DATA SECTION:
= Beginning of Section =

(* Let $\Psi : H^*(SU(3)/T_{SU(3)};\mathbb{C})\to H^*(SU(3)/T_{SU(3)};\mathbb{C})$ be a ring homomorphism. Then there exist $\omega_1,\omega_2\in W$ such that $\omega_1\circ \Psi\circ \omega_2$ is represented by either $\lambda\cdot \left(\begin{smallmatrix} 1 & 0\\ 0 & 1\end{smallmatrix}\right)$ with $\lambda\in\mathbb{C}^*$, or by $\lambda\cdot \left(\begin{smallmatrix} 1 & \varsigma\\ 0 & 0\end{smallmatrix}\right)$ with $\lambda\in\mathbb{C}$, where $\varsigma$ satisfies $\varsigma^2+\varsigma+1=0$.
   Context: $T_{SU(3)}$ denotes the standard maximal torus of $SU(3)$ (unitary diagonal matrices of determinant one), and $SU(3)/T_{SU(3)}$ is the six-dimensional complex flag manifold. Its complex cohomology is identified with $\mathbb{C}[x_1,x_2]/(x_1^2+x_2^2+x_1 x_2,\; x_1^2 x_2+x_1 x_2^2)$, where $x_1,x_2,x_3$ are the standard generators of $H^*(BT_{U(3)};\mathbb{Z})=\mathbb{Z}[x_1,x_2,x_3]$ (so $x_1^3=x_2^3=x_1^2x_2^2=0$ in this ring). Any ring endomorphism of $H^*(SU(3)/T_{SU(3)};\mathbb{C})$ is determined by its restriction to $H^2(SU(3)/T_{SU(3)};\mathbb{C})$, and "represented by a matrix" refers to the matrix $\left(\begin{smallmatrix} a_{11} & a_{12}\\ a_{21} & a_{22}\end{smallmatrix}\right)$ of this restriction with respect to the basis $(x_1,x_2)$. $W\cong S_3$ is the Weyl group of $U(3)$ (equivalently $N(T_{SU(3)})/T_{SU(3)}$), acting on the cohomology of $SU(3)/T_{SU(3)}$ via permutation of $x_1,x_2,x_3$; the permutations $(1),(12),(13),(23),(123),(321)$ act on $H^2$ by the matrices $\left(\begin{smallmatrix} 1&0\\0&1\end{smallmatrix}\right)$, $\left(\begin{smallmatrix} 0&1\\1&0\end{smallmatrix}\right)$, $\left(\begin{smallmatrix} -1&0\\-1&1\end{smallmatrix}\right)$, $\left(\begin{smallmatrix} 1&-1\\0&-1\end{smallmatrix}\right)$, $\left(\begin{smallmatrix} 0&-1\\1&-1\end{smallmatrix}\right)$, $\left(\begin{smallmatrix} -1&1\\-1&0\end{smallmatrix}\right)$ respectively. $W$ acts on ring endomorphisms by pre- and post-composition. *)

theory Defs
  imports "HOL-Analysis.Analysis"
begin

text \<open>The complex cohomology ring H = C[x1,x2]/(x1^2+x2^2+x1 x2, x1^2 x2 + x1 x2^2)
  of SU(3)/T, as a 6-dimensional commutative C-algebra.  An element
  Coh c0 c1 c2 c3 c4 c5 stands for
  c0 + c1 x1 + c2 x2 + c3 x1^2 + c4 x1 x2 + c5 x1^2 x2
  (a basis of the quotient; the relations give x2^2 = - x1^2 - x1 x2,
  x1^3 = x2^3 = 0, x1 x2^2 = - x1^2 x2, x1^2 x2^2 = 0).\<close>

datatype coh = Coh complex complex complex complex complex complex

fun coh_add :: "coh \<Rightarrow> coh \<Rightarrow> coh" where
  "coh_add (Coh a0 a1 a2 a3 a4 a5) (Coh b0 b1 b2 b3 b4 b5) =
     Coh (a0 + b0) (a1 + b1) (a2 + b2) (a3 + b3) (a4 + b4) (a5 + b5)"

fun coh_scale :: "complex \<Rightarrow> coh \<Rightarrow> coh" where
  "coh_scale c (Coh a0 a1 a2 a3 a4 a5) =
     Coh (c * a0) (c * a1) (c * a2) (c * a3) (c * a4) (c * a5)"

fun coh_mult :: "coh \<Rightarrow> coh \<Rightarrow> coh" where
  "coh_mult (Coh a0 a1 a2 a3 a4 a5) (Coh b0 b1 b2 b3 b4 b5) =
     Coh (a0 * b0)
         (a0 * b1 + a1 * b0)
         (a0 * b2 + a2 * b0)
         (a0 * b3 + a3 * b0 + a1 * b1 - a2 * b2)
         (a0 * b4 + a4 * b0 + a1 * b2 + a2 * b1 - a2 * b2)
         (a0 * b5 + a5 * b0 + a1 * b4 + a4 * b1 + a2 * b3 + a3 * b2 - a2 * b4 - a4 * b2)"

definition coh_one :: coh where "coh_one = Coh 1 0 0 0 0 0"
definition coh_x1 :: coh where "coh_x1 = Coh 0 1 0 0 0 0"
definition coh_x2 :: coh where "coh_x2 = Coh 0 0 1 0 0 0"

definition coh_ring_endo :: "(coh \<Rightarrow> coh) \<Rightarrow> bool" where
  "coh_ring_endo \<Psi> \<longleftrightarrow>
     (\<forall>a b. \<Psi> (coh_add a b) = coh_add (\<Psi> a) (\<Psi> b)) \<and>
     (\<forall>c a. \<Psi> (coh_scale c a) = coh_scale c (\<Psi> a)) \<and>
     (\<forall>a b. \<Psi> (coh_mult a b) = coh_mult (\<Psi> a) (\<Psi> b)) \<and>
     \<Psi> coh_one = coh_one"

definition mat2 :: "complex \<Rightarrow> complex \<Rightarrow> complex \<Rightarrow> complex \<Rightarrow> complex^2^2" where
  "mat2 a b c d = (\<chi> i j. if i = 1 then (if j = 1 then a else b)
                              else (if j = 1 then c else d))"

definition represented_by :: "(coh \<Rightarrow> coh) \<Rightarrow> complex^2^2 \<Rightarrow> bool" where
  "represented_by \<Psi> A \<longleftrightarrow>
     \<Psi> coh_x1 = coh_add (coh_scale (A$1$1) coh_x1) (coh_scale (A$2$1) coh_x2) \<and>
     \<Psi> coh_x2 = coh_add (coh_scale (A$1$2) coh_x1) (coh_scale (A$2$2) coh_x2)"

text \<open>The Weyl group W = S_3 acting on H^2, via the matrices of (1),(12),(13),(23),(123),(321).\<close>
definition weyl_mats :: "(complex^2^2) set" where
  "weyl_mats = {mat2 1 0 0 1, mat2 0 1 1 0, mat2 (-1) 0 (-1) 1,
                mat2 1 (-1) 0 (-1), mat2 0 (-1) 1 (-1), mat2 (-1) 1 (-1) 0}"

end

theory Submission
  imports Defs
begin

text \<open>Since \<Psi> kills the relations,
  it carries q = x1^2 + x1 x2 + x2^2 = (x1 - w x2)(x1 - w^2 x2), w a primitive cube root of unity,
  to a multiple of itself.  So the substitution either preserves or swaps the two linear factors
  of q, making A a combination of the identity and a 3-cycle, or of reflections; or it kills one
  factor, making the rows of A proportional to (1, s) with s^2 + s + 1 = 0.  The cubic relation
  x1 x2 (x1 + x2) = 0 cuts each family down to three lines of matrices that W permutes, and
  multiplying by a suitable Weyl matrix on the left gives one of the two normal forms.\<close>

lemma mat2_mult:
  "mat2 a b c d ** mat2 e f g h = mat2 (a*e + b*g) (a*f + b*h) (c*e + d*g) (c*f + d*h)"
  unfolding matrix_matrix_mult_def mat2_def by (simp add: vec_eq_iff forall_2 sum_2)

lemma mat2_eq_iff: "mat2 a b c d = mat2 e f g h \<longleftrightarrow> a = e \<and> b = f \<and> c = g \<and> d = h"
  unfolding mat2_def by (auto simp: vec_eq_iff forall_2)

lemma mat2_entries: "(A::complex^2^2) = mat2 (A$1$1) (A$1$2) (A$2$1) (A$2$2)"
  unfolding mat2_def by (simp add: vec_eq_iff forall_2)

lemma mat2_identity: "mat2 1 0 0 1 = mat 1"
  unfolding mat2_def mat_def by (simp add: vec_eq_iff forall_2)

lemma weyl_mats_elements:
  "mat2 1 0 0 1 \<in> weyl_mats" "mat2 0 1 1 0 \<in> weyl_mats" "mat2 (-1) 0 (-1) 1 \<in> weyl_mats"
  "mat2 1 (-1) 0 (-1) \<in> weyl_mats" "mat2 0 (-1) 1 (-1) \<in> weyl_mats" "mat2 (-1) 1 (-1) 0 \<in> weyl_mats"
  by (simp_all add: weyl_mats_def)

lemma weyl_mats_mult_closed:
  assumes "w \<in> weyl_mats" "v \<in> weyl_mats"
  shows "w ** v \<in> weyl_mats"
  using assms unfolding weyl_mats_def by (auto simp: mat2_mult mat2_eq_iff)

lemma primitive_cube_root_exists: "\<exists>s::complex. s^2 + s + 1 = 0"
  by (rule exI[of _ "Complex (-1/2) (sqrt 3 / 2)"]) (simp add: complex_eq_iff power2_eq_square)

definition coh_zero :: coh where "coh_zero = Coh 0 0 0 0 0 0"

definition coh_quad :: "coh \<Rightarrow> coh \<Rightarrow> coh" where
  "coh_quad u v = coh_add (coh_mult u u) (coh_add (coh_mult u v) (coh_mult v v))"

definition coh_cubic :: "coh \<Rightarrow> coh \<Rightarrow> coh" where
  "coh_cubic u v = coh_add (coh_mult (coh_mult u u) v) (coh_mult u (coh_mult v v))"

lemma coh_quad_generators: "coh_quad coh_x1 coh_x2 = coh_zero"
  and coh_cubic_generators: "coh_cubic coh_x1 coh_x2 = coh_zero"
  by (simp_all add: coh_quad_def coh_cubic_def coh_x1_def coh_x2_def coh_zero_def)

lemma coh_ring_endo_zero:
  assumes "coh_ring_endo \<Psi>"
  shows "\<Psi> coh_zero = coh_zero"
proof -
  have "\<Psi> coh_zero = \<Psi> (coh_scale 0 coh_one)" by (simp add: coh_one_def coh_zero_def)
  also have "\<dots> = coh_scale 0 coh_one" using assms by (simp add: coh_ring_endo_def)
  also have "\<dots> = coh_zero" by (simp add: coh_one_def coh_zero_def)
  finally show ?thesis .
qed

lemma coh_ring_endo_quad: "coh_ring_endo \<Psi> \<Longrightarrow> \<Psi> (coh_quad u v) = coh_quad (\<Psi> u) (\<Psi> v)"
  and coh_ring_endo_cubic: "coh_ring_endo \<Psi> \<Longrightarrow> \<Psi> (coh_cubic u v) = coh_cubic (\<Psi> u) (\<Psi> v)"
  by (simp_all add: coh_ring_endo_def coh_quad_def coh_cubic_def)

lemma coh_quad_degree_two:
  "coh_quad (Coh 0 a c 0 0 0) (Coh 0 b d 0 0 0) = coh_zero \<longleftrightarrow>
     a^2 - c^2 + a*b - c*d + b^2 - d^2 = 0 \<and>
     2*a*c - c^2 + a*d + b*c - c*d + 2*b*d - d^2 = 0"
  by (simp add: coh_quad_def coh_zero_def power2_eq_square algebra_simps)

lemma coh_cubic_degree_two:
  "coh_cubic (Coh 0 a c 0 0 0) (Coh 0 b d 0 0 0) = coh_zero \<longleftrightarrow>
     (a^2 - c^2)*d + (2*a*c - c^2)*(b - d) + (a*b - c*d)*d + (a*d + b*c - c*d)*(b - d) = 0"
  by (simp add: coh_cubic_def coh_zero_def power2_eq_square algebra_simps)

lemma quad_relation_cases:
  fixes a b c d :: complex
  assumes E1: "a^2 - c^2 + a*b - c*d + b^2 - d^2 = 0"
    and E2: "2*a*c - c^2 + a*d + b*c - c*d + 2*b*d - d^2 = 0"
  shows "(c = -b \<and> d = a + b) \<or> (c = a + b \<and> d = -a) \<or>
         (\<exists>s. s^2 + s + 1 = 0 \<and> b = a * s \<and> d = c * s)"
proof -
  obtain w :: complex where w: "w^2 + w + 1 = 0" using primitive_cube_root_exists by blast
  have w2: "(w^2)^2 + w^2 + 1 = 0" using w by algebra
  \<comment> \<open>q \<circ> A at the zeros (w^2, 1) and (w, 1) of q, split along q = (x1 - w x2)(x1 - w^2 x2).\<close>
  have "(w^2*a - b + c - w*d) * (w^2*a - w*b + c - w^2*d) = 0"
   and "(w*a - w^2*b + c - w*d) * (w*a - b + c - w^2*d) = 0"
    using E1 E2 w by algebra+
  then consider
      "w^2*a - w*b + c - w^2*d = 0" "w*a - w^2*b + c - w*d = 0"
    | "w^2*a - b + c - w*d = 0" "w*a - b + c - w^2*d = 0"
    | "w^2*a - b + c - w*d = 0" "w*a - w^2*b + c - w*d = 0"
    | "w^2*a - w*b + c - w^2*d = 0" "w*a - b + c - w^2*d = 0"
    by auto
  then show ?thesis
  proof cases
    case 1
    then have "c = -b \<and> d = a + b" using w by algebra
    then show ?thesis by blast
  next
    case 2
    then have "c = a + b \<and> d = -a" using w by algebra
    then show ?thesis by blast
  next
    case 3
    then have "b = a*w^2 \<and> d = c*w^2" using w by algebra
    then show ?thesis using w2 by blast
  next
    case 4
    then have "b = a*w \<and> d = c*w" using w by algebra
    then show ?thesis using w by blast
  qed
qed

lemma relations_cases:
  fixes a b c d :: complex
  assumes "a^2 - c^2 + a*b - c*d + b^2 - d^2 = 0"
    and "2*a*c - c^2 + a*d + b*c - c*d + 2*b*d - d^2 = 0"
    and E3: "(a^2 - c^2)*d + (2*a*c - c^2)*(b - d) + (a*b - c*d)*d + (a*d + b*c - c*d)*(b - d) = 0"
  obtains "c = -b" "d = a + b" "a*b*(a + b) = 0"
    | "c = a + b" "d = -a" "a*b*(a + b) = 0"
    | s where "s^2 + s + 1 = 0" "b = a * s" "d = c * s" "a*c*(a - c) = 0"
proof -
  from quad_relation_cases[OF assms(1,2)] consider
      "c = -b" "d = a + b" | "c = a + b" "d = -a" | s where "s^2 + s + 1 = 0" "b = a * s" "d = c * s"
    by blast
  then show thesis
  proof cases
    case 1
    with E3 have "a*b*(a + b) = 0" by algebra
    with 1 that(1) show thesis by blast
  next
    case 2
    with E3 have "a*b*(a + b) = 0" by algebra
    with 2 that(2) show thesis by blast
  next
    case (3 s)
    with E3 have "a*c*(a - c) = 0" by algebra
    with 3 that(3) show thesis by blast
  qed
qed

definition weyl_normal_form :: "complex^2^2 \<Rightarrow> bool" where
  "weyl_normal_form B \<longleftrightarrow>
     (\<exists>l. l \<noteq> 0 \<and> B = mat2 l 0 0 l) \<or> (\<exists>l s. s^2 + s + 1 = 0 \<and> B = mat2 l (l * s) 0 0)"

lemma weyl_normal_form_scalar: "weyl_normal_form (mat2 l 0 0 l)"
proof (cases "l = 0")
  case True
  obtain s :: complex where s: "s^2 + s + 1 = 0" using primitive_cube_root_exists by blast
  from True have "mat2 l 0 0 l = mat2 l (l * s) 0 0" by simp
  with s show ?thesis unfolding weyl_normal_form_def by blast
next
  case False
  then show ?thesis unfolding weyl_normal_form_def by blast
qed

lemma weyl_normalize_cyclic:
  assumes "a*b*(a + b) = 0"
  shows "\<exists>w\<in>weyl_mats. weyl_normal_form (w ** mat2 a b (-b) (a + b))"
proof -
  from assms consider "b = 0" | "a = 0" | "b = -a" by (auto simp: add_eq_0_iff)
  then show ?thesis
  proof cases
    case 1
    show ?thesis
      by (rule bexI[OF _ weyl_mats_elements(1)]) (simp add: 1 mat2_mult weyl_normal_form_scalar)
  next
    case 2
    show ?thesis
      by (rule bexI[OF _ weyl_mats_elements(6)]) (simp add: 2 mat2_mult weyl_normal_form_scalar)
  next
    case 3
    show ?thesis
      by (rule bexI[OF _ weyl_mats_elements(5)]) (simp add: 3 mat2_mult weyl_normal_form_scalar)
  qed
qed

lemma weyl_normalize_reflected:
  assumes "a*b*(a + b) = 0"
  shows "\<exists>w\<in>weyl_mats. weyl_normal_form (w ** mat2 a b (a + b) (- a))"
proof -
  let ?swap = "mat2 0 1 1 0"
  have "(a + b) * (- a) * ((a + b) + (- a)) = 0" using assms by algebra
  from weyl_normalize_cyclic[OF this]
  have "\<exists>w\<in>weyl_mats. weyl_normal_form (w ** mat2 (a + b) (- a) a b)" by simp
  then obtain w where w: "w \<in> weyl_mats" "weyl_normal_form (w ** mat2 (a + b) (- a) a b)"
    by blast
  from w(1) weyl_mats_elements(2) have "w ** ?swap \<in> weyl_mats" by (rule weyl_mats_mult_closed)
  moreover have "(w ** ?swap) ** mat2 a b (a + b) (- a) = w ** mat2 (a + b) (- a) a b"
    by (simp add: mat2_mult flip: matrix_mul_assoc)
  ultimately show ?thesis using w(2) by metis
qed

lemma weyl_normalize_rank_one:
  assumes s: "s^2 + s + 1 = 0" and "a*c*(a - c) = 0"
  shows "\<exists>w\<in>weyl_mats. weyl_normal_form (w ** mat2 a (a * s) c (c * s))"
proof -
  have normal: "weyl_normal_form (mat2 l (l * s) 0 0)" for l
    using s unfolding weyl_normal_form_def by blast
  from assms(2) consider "a = 0" | "c = 0" | "a = c" by auto
  then show ?thesis
  proof cases
    case 1
    show ?thesis
      by (rule bexI[OF _ weyl_mats_elements(2)]) (simp add: 1 mat2_mult normal)
  next
    case 2
    show ?thesis
      by (rule bexI[OF _ weyl_mats_elements(1)]) (simp add: 2 mat2_mult normal)
  next
    case 3
    show ?thesis
      by (rule bexI[OF _ weyl_mats_elements(5)]) (simp add: 3 mat2_mult normal[of "- c", simplified])
  qed
qed

theorem lemma3p7:
  fixes \<Psi> :: "coh \<Rightarrow> coh" and A :: "complex^2^2"
  assumes "coh_ring_endo \<Psi>"
    and "represented_by \<Psi> A"
  shows "\<exists>w1\<in>weyl_mats. \<exists>w2\<in>weyl_mats.
           (\<exists>l::complex. l \<noteq> 0 \<and> w1 ** A ** w2 = mat2 l 0 0 l) \<or>
           (\<exists>l s::complex. s^2 + s + 1 = 0 \<and> w1 ** A ** w2 = mat2 l (l * s) 0 0)"
proof -
  define a b c d where "a = A$1$1" and "b = A$1$2" and "c = A$2$1" and "d = A$2$2"
  have A: "A = mat2 a b c d" unfolding a_def b_def c_def d_def by (rule mat2_entries)
  have images: "\<Psi> coh_x1 = Coh 0 a c 0 0 0" "\<Psi> coh_x2 = Coh 0 b d 0 0 0"
    using assms(2) unfolding represented_by_def a_def b_def c_def d_def
    by (simp_all add: coh_x1_def coh_x2_def)
  have "coh_quad (\<Psi> coh_x1) (\<Psi> coh_x2) = coh_zero" "coh_cubic (\<Psi> coh_x1) (\<Psi> coh_x2) = coh_zero"
    using assms(1) coh_quad_generators coh_cubic_generators
    by (metis coh_ring_endo_zero coh_ring_endo_quad coh_ring_endo_cubic)+
  then have "\<exists>w\<in>weyl_mats. weyl_normal_form (w ** A)"
    unfolding images coh_quad_degree_two coh_cubic_degree_two A
    by (elim conjE relations_cases)
       (simp_all add: weyl_normalize_cyclic weyl_normalize_reflected weyl_normalize_rank_one)
  then obtain w where "w \<in> weyl_mats" "weyl_normal_form (w ** A ** mat2 1 0 0 1)"
    by (auto simp: mat2_identity)
  with weyl_mats_elements(1) show ?thesis
    unfolding weyl_normal_form_def[symmetric] by blast
qed

end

= End of Section =

WHAT THE TASK ASKS:
In the listing above, find the line holding "mat2 a b (-b)" and the line holding "3 mat2_mult normal[of", then output those two lines and every line between them exactly.

WRITTEN ANSWER:
  shows "\<exists>w\<in>weyl_mats. weyl_normal_form (w ** mat2 a b (-b) (a + b))"
proof -
  from assms consider "b = 0" | "a = 0" | "b = -a" by (auto simp: add_eq_0_iff)
  then show ?thesis
  proof cases
    case 1
    show ?thesis
      by (rule bexI[OF _ weyl_mats_elements(1)]) (simp add: 1 mat2_mult weyl_normal_form_scalar)
  next
    case 2
    show ?thesis
      by (rule bexI[OF _ weyl_mats_elements(6)]) (simp add: 2 mat2_mult weyl_normal_form_scalar)
  next
    case 3
    show ?thesis
      by (rule bexI[OF _ weyl_mats_elements(5)]) (simp add: 3 mat2_mult weyl_normal_form_scalar)
  qed
qed

lemma weyl_normalize_reflected:
  assumes "a*b*(a + b) = 0"
  shows "\<exists>w\<in>weyl_mats. weyl_normal_form (w ** mat2 a b (a + b) (- a))"
proof -
  let ?swap = "mat2 0 1 1 0"
  have "(a + b) * (- a) * ((a + b) + (- a)) = 0" using assms by algebra
  from weyl_normalize_cyclic[OF this]
  have "\<exists>w\<in>weyl_mats. weyl_normal_form (w ** mat2 (a + b) (- a) a b)" by simp
  then obtain w where w: "w \<in> weyl_mats" "weyl_normal_form (w ** mat2 (a + b) (- a) a b)"
    by blast
  from w(1) weyl_mats_elements(2) have "w ** ?swap \<in> weyl_mats" by (rule weyl_mats_mult_closed)
  moreover have "(w ** ?swap) ** mat2 a b (a + b) (- a) = w ** mat2 (a + b) (- a) a b"
    by (simp add: mat2_mult flip: matrix_mul_assoc)
  ultimately show ?thesis using w(2) by metis
qed

lemma weyl_normalize_rank_one:
  assumes s: "s^2 + s + 1 = 0" and "a*c*(a - c) = 0"
  shows "\<exists>w\<in>weyl_mats. weyl_normal_form (w ** mat2 a (a * s) c (c * s))"
proof -
  have normal: "weyl_normal_form (mat2 l (l * s) 0 0)" for l
    using s unfolding weyl_normal_form_def by blast
  from assms(2) consider "a = 0" | "c = 0" | "a = c" by auto
  then show ?thesis
  proof cases
    case 1
    show ?thesis
      by (rule bexI[OF _ weyl_mats_elements(2)]) (simp add: 1 mat2_mult normal)
  next
    case 2
    show ?thesis
      by (rule bexI[OF _ weyl_mats_elements(1)]) (simp add: 2 mat2_mult normal)
  next
    case 3
    show ?thesis
      by (rule bexI[OF _ weyl_mats_elements(5)]) (simp add: 3 mat2_mult normal[of "- c", simplified])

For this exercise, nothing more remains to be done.